L’ACTUALITE DES ARTICLES 1156 ET SUIVANTS DU CODE CIVIL.
par Vincent EGEA

Allocataire-Moniteur

Institut d’Etudes judiciaires – Faculté de droit d’Aix-Marseille


« L’office du juriste peut

s’appeler interprétation ».

M. Villey1.
Dans le Code civil, au sein du chapitre relatif à l’effet des obligations, une section V est consacrée à « l’interprétation des conventions ». Que signifie précisément interpréter une convention ? Pour Messieurs les professeurs Malaurie, Aynés, et Stoffel-Munck, « l’interprétation d’un contrat est la recherche de la volonté des parties »2, nécessaire pour l’appliquer. Interpréter un contrat consiste donc à « en rechercher la signification »3. Pour M. le professeur Sériaux, l'interprétation est "l'opération juridique qui consiste à définir quels sont exactement les droits et les obligations des parties aux contrats".
L’interprétation est un office particulier du juge4. En effet, il ne s’agit pas seulement ici de trancher un litige, le juge doit donner du sens. Interpréter un contrat est donc une tâche particulièrement noble, puisqu’il s’agit de rendre clair un acte flou et obscur. En interprétant un contrat, le juge exerce un premier office « ordinaire » : il tranche un litige, une contestation5. Il le fait en exerçant une jurisdictio6, qui peut être ordinaire, quand elle porte la loi, norme générale7. Cela étant, en matière d'interprétation, cette jurisdictio porte aussi sur une norme individuelle, issue de la volonté des parties8 : le contrat. C’est sur ce point que l’office du juge en matière d’interprétation est particulier et dépasse une mission étriquée. Cet office nécessite un juge particulièrement actif et impliqué. En effet, il participe ici d’un affinement du principe de liberté contractuelle, en complétant la carence des parties, afin de garantir la vigueur du lien contractuel. C’est en ce sens que l’on peut parler de noblesse de la mission interprétative, qui consiste à donner du sens, de la cohérence, de la précision à un acte obscur. L’interprétation est donc le triomphe du rationalisme sur l’absurdité. Pour aider le juge dans cette tâche, le Code civil de 1804 a prévu toute une série de directives d’interprétation, dans ses articles 1156 et suivants9.
Le lecteur contemporain qui se limiterait à une lecture rapide de ces textes serait bien peu renseigné sur la manière dont les contrats sont interprétés en droit français. La jurisprudence a, en effet, joué ici un rôle considérable. En matière d’interprétation du contrat, on songe à la pertinence de la maxime de Portalis qui considérait que « l’office de la loi est de fixer par des grandes vues des maximes générales du droit, d’établir des principes féconds en conséquence, et non de descendre dans le détail de chaque question. C’est au magistrat et au jurisconsultes, pénétrés de l’esprit général des lois, à en diriger l'application »10.
Les règles contemporaines d’interprétation du contrat ne peuvent se comprendre et s’analyser qu’en tenant compte de l’apport essentiel de la jurisprudence. Si ce constat s’impose aussi bien dans la délimitation du champ de l’interprétation (I), que dans la précision de ses méthodes (II), il est particulièrement patent dans l’étude de la portée de l’interprétation (III).
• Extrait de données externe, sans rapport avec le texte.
lemma interval_word_shift_pack:
  assumes z: "set z = {a+1..b}"
  shows "z = map (\<lambda>x. x + a) (pack z)"
proof -
  let ?z' = "map (\<lambda>x. x - a) z"
  have letters: "a + 1 \<le> x" if "x \<in> set z" for x using z that by auto
  have z_shift: "z = map (\<lambda>x. x + a) ?z'"
    by (rule nth_equalityI) (auto dest!: letters[OF nth_mem])
  have "set ?z' = (\<lambda>x. x - a) ` {a+1..b}" using z by simp
  also have "\<dots> = {1..b - a}"
  proof
    show "{1..b - a} \<subseteq> (\<lambda>x. x - a) ` {a + 1..b}"
    proof
      fix y assume "y \<in> {1..b-a}"
      hence "y + a \<in> {a+1..b}" "y = (y + a) - a" by auto
      thus "y \<in> (\<lambda>x. x - a) ` {a + 1..b}" by blast
    qed
  qed auto
  finally have "packed ?z'" by (rule packedI)
  have "pack z = pack ?z'" by (subst z_shift) (rule pack_strict_mono, simp add: strict_mono_def)
  also have "\<dots> = ?z'" by (rule pack_packed[OF \<open>packed ?z'\<close>])
  finally show ?thesis using z_shift by simp
qed

section \<open>The image of a forest in terms of the M_u\<close>

lemma finite_forest_words: "finite (forest_words F)"
proof -
  have "forest_words F \<subseteq> {u. set u \<subseteq> {0..fst F} \<and> length u = fst F}"
  proof
    fix u assume "u \<in> forest_words F"
    hence u: "packed u" "length u = fst F" by (auto simp: forest_words_def)
    obtain c where c: "set u = {1..c}" "card (set u) = c" using u(1) by (rule packedE)
    have "c \<le> fst F" using card_length[of u] u c by simp
    thus "u \<in> {u. set u \<subseteq> {0..fst F} \<and> length u = fst F}" using u c by auto
  qed
  moreover have "finite {u. set u \<subseteq> {0..fst F} \<and> length u = fst F}"
    by (rule finite_lists_length_eq) simp
  ultimately show ?thesis by (rule finite_subset)
qed

lemma increasing_word_iff_pack:
  assumes F: "parents_in_range F"
  shows "increasing_word F w \<longleftrightarrow> (\<forall>x\<in>set w. 1 \<le> x) \<and> pack w \<in> forest_words F"
proof -
  have "pack w ! (k-1) < pack w ! (l-1) \<longleftrightarrow> w!(k-1) < w!(l-1)"
    if "length w = fst F" "snd F l = Some k" for k l
  proof -
    have "k - 1 < length w" "l - 1 < length w"
      using F that unfolding parents_in_range_def by fastforce+
    thus ?thesis by (rule pack_less_iff)
  qed
  thus ?thesis unfolding forest_words_def increasing_word_def using packed_pack[of w] by auto
qed

lemma forest_word_increasing:
  assumes "parents_in_range F" "u \<in> forest_words F"
  shows "increasing_word F u"
proof -
  have "packed u" using assms(2) by (simp add: forest_words_def)
  thus ?thesis
    using increasing_word_iff_pack[OF assms(1)] assms(2) pack_packed packed_pos by metis
qed

theorem piH_eq_sum_M:
  assumes "is_oforest F"
  shows "(piH F :: nat list \<Rightarrow> 'k::field) = (\<lambda>w. \<Sum>u\<in>forest_words F. M u w)"
proof
  fix w :: "nat list"
  have F: "parents_in_range F" using assms by (rule oforest_parents_in_range)
  let ?pos = "\<forall>x\<in>set w. 1 \<le> x"
  have "(\<Sum>u\<in>forest_words F. (M u w :: 'k))
        = (\<Sum>u\<in>forest_words F. if pack w = u then (if ?pos then 1 else 0) else 0)"
    by (rule sum.cong) (auto simp: M_def)
  also have "\<dots> = (if pack w \<in> forest_words F then (if ?pos then 1 else 0) else 0)"
    by (rule sum.delta'[OF finite_forest_words])
  also have "\<dots> = (if increasing_word F w then 1 else 0)"
    using increasing_word_iff_pack[OF F, of w] by auto
  finally show "(piH F w :: 'k) = (\<Sum>u\<in>forest_words F. M u w)"
    using piH_indicator[OF F, of w, where 'k='k] by simp
qed

lemma piH_sum_M:
  assumes "is_oforest F"
  shows "(piH F :: nat list \<Rightarrow> 'k::field) = (\<Sum>u\<in>forest_words F. M u)"
  unfolding piH_eq_sum_M[OF assms] by (simp add: fun_eq_iff sum_fun_apply[OF finite_forest_words])

section \<open>Unit, counit and product\<close>

text \<open>Only the empty word is increasing for the empty forest, so pi maps the unit to 1.\<close>
theorem piH_empty_forest: "(piH empty_forest :: nat list \<Rightarrow> 'k::field) = ser_one"
proof
  fix w :: "nat list"
  have F: "parents_in_range empty_forest" by (simp add: parents_in_range_def empty_forest_def)
  have "increasing_word empty_forest w \<longleftrightarrow> w = []"
    by (auto simp: increasing_word_def empty_forest_def)
  thus "(piH empty_forest w :: 'k) = ser_one w"
    using piH_indicator[OF F, of w, where 'k='k] by (simp add: ser_one_def)
qed
(* Let $\mathfrak A$ be an associative $\mathcal A$-algebra with finite basis $B$ compatible with $1$ satisfying $P_1,P_2,P_3$, and let $\Phi:\mathfrak A\to\mathcal A\otimes_{\mathbb Z}\mathfrak A^\infty$ be as below (an $\mathcal A$-algebra homomorphism preserving $1$). Let $K$ be a field and $\mathcal A\to K$ a unital ring homomorphism; let $\Phi_K:\mathfrak A_K=K\otimes_{\mathcal A}\mathfrak A\to\mathfrak A^\infty_K=K\otimes_{\mathbb Z}\mathfrak A^\infty$ be the induced $K$-algebra homomorphism. If $\mathfrak A_K$ is a semisimple algebra, then $\Phi_K$ is an algebra isomorphism.
   Context: $\mathcal A=\mathbb Z[v,v^{-1}]$. $B$ compatible with $1$: $1=\sum_\mu1_\mu$ with distinct $1_\mu\in B$, orthogonal idempotents, and each $b\in B$ equal to $1_\mu b1_{\mu'}$ for some $\mu,\mu'$. Structure constants $r^{b''}_{b,b'}$ by $bb'=\sum r^{b''}_{b,b'}b''$. $b'\preceq b$ iff $b'$ lies in every $K\subset B$ containing $b$ whose $\mathcal A$-span is a two-sided ideal; two-sided cells: classes of $b\sim b'\iff b\preceq b'\preceq b$. $a(b)$: least $m\ge0$ with $v^{-m}r^{b''}_{b,b'}\in\mathbb Z[v^{-1}]$ for all $b',b''$ in the cell of $b$. $P_1$: $a$ constant on cells. $\mathfrak A^\infty$: ring with $\mathbb Z$-basis $t_b$, $t_bt_{b'}=\sum\gamma^{b''}_{b,b'}t_{b''}$ where $\gamma^{b''}_{b,b'}$ is the constant term of $v^{-a(b)}r^{b''}_{b,b'}$ if $b,b',b''$ lie in one cell and $0$ otherwise. $P_2$: $\mathfrak A^\infty$ has unit $\sum_{b\in\mathcal D}t_b$, $\mathcal D\subset B$ (distinguished elements), compatible with the basis. $P_3$: for $b_2\sim b_4$, $\sum_{\beta\sim b_2}r^\beta_{b_1,b_2}(v)r^{b_4}_{\beta,b_3}(v')=\sum_{\beta\sim b_2}r^{b_4}_{b_1,\beta}(v)r^\beta_{b_2,b_3}(v')$. $\Phi(b)=\sum_{b_1\in\mathcal D,b_2\in B,b_1\sim b_2}r^{b_2}_{b,b_1}t_{b_2}$, extended $\mathcal A$-linearly. *)

theory Defs
  imports "HOL-Computational_Algebra.Formal_Laurent_Series" "HOL-Library.Function_Algebras"
begin

text \<open>The ring Z[v,v^-1] is modelled as the subring of Laurent polynomials inside the
  integer formal Laurent series (variable v = fls_X).\<close>
definition laurent :: "int fls set" where
  "laurent = {f. finite {n. fls_nth f n \<noteq> 0}}"

definition bvec :: "'b \<Rightarrow> 'b \<Rightarrow> 'k::zero_neq_one" where
  "bvec b = (\<lambda>c. if c = b then 1 else 0)"

definition indic :: "'b set \<Rightarrow> 'b \<Rightarrow> 'k::zero_neq_one" where
  "indic U = (\<lambda>c. if c \<in> U then 1 else 0)"

text \<open>Multiplication of the free module with basis 'b and structure constants c:
  b * b' = sum_b'' c b b' b'' b''.\<close>
definition amult :: "('b::finite \<Rightarrow> 'b \<Rightarrow> 'b \<Rightarrow> 'k::comm_ring_1) \<Rightarrow> ('b \<Rightarrow> 'k) \<Rightarrow> ('b \<Rightarrow> 'k) \<Rightarrow> ('b \<Rightarrow> 'k)" where
  "amult c x y = (\<lambda>b''. \<Sum>b\<in>UNIV. \<Sum>b'\<in>UNIV. x b * y b' * c b b' b'')"

text \<open>Basis compatible with 1 (the unit is the sum of the basis elements in U), where S is the
  carrier of the algebra.\<close>
definition compat_one :: "('b::finite \<Rightarrow> 'b \<Rightarrow> 'b \<Rightarrow> 'k::comm_ring_1) \<Rightarrow> ('b \<Rightarrow> 'k) set \<Rightarrow> 'b set \<Rightarrow> bool" where
  "compat_one c S U \<longleftrightarrow>
     (\<forall>x\<in>S. amult c (indic U) x = x \<and> amult c x (indic U) = x) \<and>
     (\<forall>\<mu>\<in>U. \<forall>\<mu>'\<in>U. amult c (bvec \<mu>) (bvec \<mu>') = (if \<mu> = \<mu>' then bvec \<mu> else 0)) \<and>
     (\<forall>b. \<exists>\<mu>\<in>U. \<exists>\<mu>'\<in>U. bvec b = amult c (amult c (bvec \<mu>) (bvec b)) (bvec \<mu>'))"

definition Aelts :: "('b \<Rightarrow> int fls) set" where
  "Aelts = {x. \<forall>b. x b \<in> laurent}"

definition lspan :: "'b set \<Rightarrow> ('b \<Rightarrow> int fls) set" where
  "lspan K = {x. (\<forall>b. x b \<in> laurent) \<and> (\<forall>b. b \<notin> K \<longrightarrow> x b = 0)}"

definition span_is_ideal :: "('b::finite \<Rightarrow> 'b \<Rightarrow> 'b \<Rightarrow> int fls) \<Rightarrow> 'b set \<Rightarrow> bool" where
  "span_is_ideal r K \<longleftrightarrow>
     (\<forall>x\<in>lspan K. \<forall>y\<in>Aelts. amult r x y \<in> lspan K \<and> amult r y x \<in> lspan K)"

definition cle :: "('b::finite \<Rightarrow> 'b \<Rightarrow> 'b \<Rightarrow> int fls) \<Rightarrow> 'b \<Rightarrow> 'b \<Rightarrow> bool" where
  "cle r b' b \<longleftrightarrow> (\<forall>K. b \<in> K \<and> span_is_ideal r K \<longrightarrow> b' \<in> K)"

definition cellrel :: "('b::finite \<Rightarrow> 'b \<Rightarrow> 'b \<Rightarrow> int fls) \<Rightarrow> 'b \<Rightarrow> 'b \<Rightarrow> bool" where
  "cellrel r b b' \<longleftrightarrow> cle r b b' \<and> cle r b' b"

text \<open>a-function: least m with v^(-m) r in Z[v^-1] for b', b'' in the cell of b.\<close>
definition afun :: "('b::finite \<Rightarrow> 'b \<Rightarrow> 'b \<Rightarrow> int fls) \<Rightarrow> 'b \<Rightarrow> nat" where
  "afun r b = (LEAST m::nat. \<forall>b' b''. cellrel r b b' \<and> cellrel r b b'' \<longrightarrow>
       (\<forall>k>0. fls_nth (fls_shift (int m) (r b b' b'')) k = 0))"

definition P1 :: "('b::finite \<Rightarrow> 'b \<Rightarrow> 'b \<Rightarrow> int fls) \<Rightarrow> bool" where
  "P1 r \<longleftrightarrow> (\<forall>b b'. cellrel r b b' \<longrightarrow> afun r b = afun r b')"

definition gam :: "('b::finite \<Rightarrow> 'b \<Rightarrow> 'b \<Rightarrow> int fls) \<Rightarrow> 'b \<Rightarrow> 'b \<Rightarrow> 'b \<Rightarrow> int" where
  "gam r b b' b'' = (if cellrel r b b' \<and> cellrel r b b''
      then fls_nth (fls_shift (int (afun r b)) (r b b' b'')) 0 else 0)"

definition P2 :: "('b::finite \<Rightarrow> 'b \<Rightarrow> 'b \<Rightarrow> int fls) \<Rightarrow> 'b set \<Rightarrow> bool" where
  "P2 r D \<longleftrightarrow> compat_one (gam r) UNIV D"

text \<open>Two embeddings of Z[v,v^-1] into Z[v,v^-1,v',v'^-1] (modelled as Laurent series in v'
  with coefficients Laurent series in v): f \<mapsto> f(v) and f \<mapsto> f(v').\<close>
definition ev_v :: "int fls \<Rightarrow> int fls fls" where
  "ev_v f = fls_const f"

definition ev_v' :: "int fls \<Rightarrow> int fls fls" where
  "ev_v' f = (\<Sum>j\<in>{n. fls_nth f n \<noteq> 0}. fls_const (fls_const (fls_nth f j)) * fls_X_intpow j)"

definition P3 :: "('b::finite \<Rightarrow> 'b \<Rightarrow> 'b \<Rightarrow> int fls) \<Rightarrow> bool" where
  "P3 r \<longleftrightarrow> (\<forall>b1 b2 b3 b4. cellrel r b2 b4 \<longrightarrow>
     (\<Sum>\<beta>\<in>{\<beta>. cellrel r \<beta> b2}. ev_v (r b1 b2 \<beta>) * ev_v' (r \<beta> b3 b4)) =
     (\<Sum>\<beta>\<in>{\<beta>. cellrel r \<beta> b2}. ev_v (r b1 \<beta> b4) * ev_v' (r b2 b3 \<beta>)))"

definition laurent_hom :: "(int fls \<Rightarrow> 'K::field) \<Rightarrow> bool" where
  "laurent_hom \<phi> \<longleftrightarrow> \<phi> 1 = 1 \<and>
     (\<forall>a\<in>laurent. \<forall>b\<in>laurent. \<phi> (a + b) = \<phi> a + \<phi> b \<and> \<phi> (a * b) = \<phi> a * \<phi> b)"

text \<open>Phi_K: K (x)_A A \<rightarrow> K (x)_Z A^infinity, on coefficient vectors w.r.t. B resp. (t_b).\<close>
definition PhiK :: "(int fls \<Rightarrow> 'K::field) \<Rightarrow> ('b::finite \<Rightarrow> 'b \<Rightarrow> 'b \<Rightarrow> int fls) \<Rightarrow> 'b set \<Rightarrow> ('b \<Rightarrow> 'K) \<Rightarrow> ('b \<Rightarrow> 'K)" where
  "PhiK \<phi> r D x = (\<lambda>b2. \<Sum>b\<in>UNIV. x b * (\<Sum>b1\<in>{b1\<in>D. cellrel r b1 b2}. \<phi> (r b b1 b2)))"

definition left_ideal :: "('b::finite \<Rightarrow> 'b \<Rightarrow> 'b \<Rightarrow> 'K::field) \<Rightarrow> ('b \<Rightarrow> 'K) set \<Rightarrow> bool" where
  "left_ideal c I \<longleftrightarrow> 0 \<in> I \<and> (\<forall>x\<in>I. \<forall>y\<in>I. x + y \<in> I) \<and>
     (\<forall>x\<in>I. \<forall>a. (\<lambda>b. a * x b) \<in> I) \<and> (\<forall>x\<in>I. \<forall>y. amult c y x \<in> I)"

definition semisimple :: "('b::finite \<Rightarrow> 'b \<Rightarrow> 'b \<Rightarrow> 'K::field) \<Rightarrow> bool" where
  "semisimple c \<longleftrightarrow> (\<forall>I. left_ideal c I \<longrightarrow>
     (\<exists>J. left_ideal c J \<and> I \<inter> J = {0} \<and> (\<forall>x. \<exists>u\<in>I. \<exists>w\<in>J. x = u + w)))"

end

theory Submission
  imports Defs "HOL-Analysis.Cartesian_Space"
begin

text \<open>The specialized algebra \<open>A\<^sub>K\<close> acts on \<open>J\<^sub>K = K \<otimes> A\<^sup>\<infinity>\<close> by its regular
  representation truncated to two-sided cells, \<open>b \<cdot> t\<^sub>c = \<Sum>\<^sub>\<beta> \<phi>(r\<^sup>\<beta>\<^sub>b\<^sub>c) t\<^sub>\<beta>\<close>
  with \<open>\<beta>\<close> ranging over the cell of \<open>c\<close>. Since \<open>r\<^sup>\<beta>\<^sub>b\<^sub>c \<noteq> 0\<close> forces
  \<open>\<beta> \<preceq> c\<close>, this is an action, and \<open>P\<^sub>3\<close> together with \<open>P\<^sub>1\<close> (comparing coefficients of
  \<open>v'\<^sup>a\<close>) says that it commutes with right multiplication in \<open>J\<^sub>K\<close>. Hence
  \<open>x \<cdot> z = \<Phi>\<^sub>K(x) z\<close> with \<open>\<Phi>\<^sub>K(x) = x \<cdot> 1\<close>, so \<open>\<Phi>\<^sub>K\<close> is multiplicative.
  If \<open>\<Phi>\<^sub>K(u) = 0\<close>, left multiplication by \<open>u\<close> maps \<open>b\<close> into the span of strictly lower
  cells, so an idempotent in the kernel is zero. In a semisimple algebra the kernel, a left
  ideal, has an idempotent right unit; so \<open>\<Phi>\<^sub>K\<close> is injective, hence bijective as a
  linear endomorphism of \<open>K\<^sup>B\<close>.\<close>

section \<open>Algebras given by structure constants\<close>

lemma amult_add_left: "amult c (x + y) z = amult c x z + amult c y z"
  unfolding amult_def by (auto simp: algebra_simps sum.distrib)

lemma amult_add_right: "amult c x (y + z) = amult c x y + amult c x z"
  unfolding amult_def by (auto simp: algebra_simps sum.distrib)

lemma amult_diff_left: "amult c (x - y) z = amult c x z - amult c y z"
  unfolding amult_def by (auto simp: algebra_simps sum_subtractf)

lemma amult_scale_left: "amult c (\<lambda>b. a * x b) z = (\<lambda>b. a * amult c x z b)"
  unfolding amult_def by (auto simp: algebra_simps sum_distrib_left)

lemma amult_zero_left [simp]: "amult c 0 z = 0"
  unfolding amult_def by auto

lemma amult_zero_right [simp]: "amult c x 0 = 0"
  unfolding amult_def by auto

lemma amult_bvec_right: "amult c x (bvec b) e = (\<Sum>a\<in>UNIV. x a * c a b e)"
  unfolding amult_def bvec_def by (simp add: if_distrib if_distribR cong: if_cong)

lemma amult_bvec_left: "amult c (bvec a) y e = (\<Sum>b\<in>UNIV. y b * c a b e)"
  unfolding amult_def bvec_def by (subst sum.swap) (simp add: if_distrib if_distribR cong: if_cong)

lemma amult_bvec_bvec: "amult c (bvec a) (bvec b) = c a b"
proof
  fix e
  have "bvec b x * c a x e = (if x = b then c a b e else 0)" for x
    by (simp add: bvec_def)
  then show "amult c (bvec a) (bvec b) e = c a b e"
    by (simp add: amult_bvec_left)
qed

lemma amult_left_apply: "amult c x y e = (\<Sum>b\<in>UNIV. y b * (\<Sum>a\<in>UNIV. x a * c a b e))"
  unfolding amult_def by (subst sum.swap) (simp add: sum_distrib_left ac_simps)

lemma amult_right_apply: "amult c x y e = (\<Sum>a\<in>UNIV. x a * (\<Sum>b\<in>UNIV. y b * c a b e))"
  unfolding amult_def by (simp add: sum_distrib_left ac_simps)

lemma sum_swap_inner:
  "(\<Sum>x\<in>A. \<Sum>y\<in>B. \<Sum>z\<in>C. f x y z) = (\<Sum>x\<in>A. \<Sum>z\<in>C. \<Sum>y\<in>B. f x y z)"
  by (rule sum.cong, simp, rule sum.swap)

lemma sum_reverse4:
  "(\<Sum>p\<in>A. \<Sum>d\<in>B. \<Sum>a\<in>C. \<Sum>b\<in>E. f p d a b) = (\<Sum>a\<in>C. \<Sum>b\<in>E. \<Sum>d\<in>B. \<Sum>p\<in>A. f p d a b)"
proof -
  have "(\<Sum>p\<in>A. \<Sum>d\<in>B. \<Sum>a\<in>C. \<Sum>b\<in>E. f p d a b) = (\<Sum>p\<in>A. \<Sum>a\<in>C. \<Sum>b\<in>E. \<Sum>d\<in>B. f p d a b)"
    by (rule trans[OF sum_swap_inner sum.cong[OF refl sum_swap_inner]])
  also have "\<dots> = (\<Sum>a\<in>C. \<Sum>b\<in>E. \<Sum>p\<in>A. \<Sum>d\<in>B. f p d a b)"
    by (rule trans[OF sum.swap sum_swap_inner])
  also have "\<dots> = (\<Sum>a\<in>C. \<Sum>b\<in>E. \<Sum>d\<in>B. \<Sum>p\<in>A. f p d a b)"
    by (rule sum.cong[OF refl sum_swap_inner])
  finally show ?thesis .
qed

text \<open>Four sets of structure constants, so that the lemma also gives associativity of a module
  action and of a bimodule.\<close>
lemma amult_assoc_by_constants:
  fixes c1 c2 c3 c4 :: "'b::finite \<Rightarrow> 'b \<Rightarrow> 'b \<Rightarrow> 'k::comm_ring_1"
  assumes "\<And>a b d e. (\<Sum>p\<in>UNIV. c1 a b p * c2 p d e) = (\<Sum>q\<in>UNIV. c3 b d q * c4 a q e)"
  shows "amult c2 (amult c1 x y) z = amult c4 x (amult c3 y z)"
proof
  fix e
  let ?t = "\<lambda>a b d. x a * y b * z d"
  have "amult c2 (amult c1 x y) z e
      = (\<Sum>p\<in>UNIV. \<Sum>d\<in>UNIV. \<Sum>a\<in>UNIV. \<Sum>b\<in>UNIV. ?t a b d * (c1 a b p * c2 p d e))"
    unfolding amult_def by (simp add: sum_distrib_left sum_distrib_right ac_simps)
  also have "\<dots> = (\<Sum>a\<in>UNIV. \<Sum>b\<in>UNIV. \<Sum>d\<in>UNIV. \<Sum>p\<in>UNIV. ?t a b d * (c1 a b p * c2 p d e))"
    by (rule sum_reverse4)
  also have "\<dots> = (\<Sum>a\<in>UNIV. \<Sum>b\<in>UNIV. \<Sum>d\<in>UNIV. \<Sum>q\<in>UNIV. ?t a b d * (c3 b d q * c4 a q e))"
    by (simp add: assms flip: sum_distrib_left)
  also have "\<dots> = (\<Sum>a\<in>UNIV. \<Sum>q\<in>UNIV. \<Sum>b\<in>UNIV. \<Sum>d\<in>UNIV. ?t a b d * (c3 b d q * c4 a q e))"
    by (rule sum.cong[OF refl trans[OF sum_swap_inner sum.swap]])
  also have "\<dots> = amult c4 x (amult c3 y z) e"
    unfolding amult_def by (simp add: sum_distrib_left sum_distrib_right ac_simps)
  finally show "amult c2 (amult c1 x y) z e = amult c4 x (amult c3 y z) e" .
qed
  1. Le domaine de l’interprétation : le pouvoir souverain des juges du fond strictement encadré.

Plusieurs grands principes d’interprétation du contrat, que l’on peut qualifier de « classiques » ont été altérés par la pratique jurisprudentielle de l’interprétation. Le premier de ces principes concerne le domaine de l’interprétation. Par une présentation volontiers simplificatrice, on aborde souvent la question de manière très dichotomique : les juges du fond interprètent souverainement le contrat, et cette interprétation échappe au contrôle de la Cour de cassation11. Cette vision ne reflète plus la pratique contemporaine de l’interprétation contractuelle, qui connaît une grande prégnance de la Cour de cassation. Si les juges du fond jouissent toujours d’un pouvoir souverain d’interprétation, le domaine d’exercice de ce pouvoir est très strictement encadré. Cet encadrement se manifeste dans le double contrôle de nécessité interprétative et de dénaturation d’une part (A), et d’autre part dans la multiplication d’exceptions au profit d’un contrôle par la haute juridiction (B).
1A. Un double contrôle

La pratique jurisprudentielle révèle une emprise plus importante de la Cour de cassation, que ne laissait pas entrevoir une vision dichotomique de la question. Lorsque les juges du fond ont donné une interprétation du contrat, qui est contestée, la Cour de cassation vérifie qu’il y avait bien une nécessité interprétative, et que les juges n’ont pas dénaturé le contrat. Dans ce double contrôle, un truchement régulier de la Cour de cassation dans la mission d’interprétation, se manifeste.
- Contrôle de la nécessité interprétative.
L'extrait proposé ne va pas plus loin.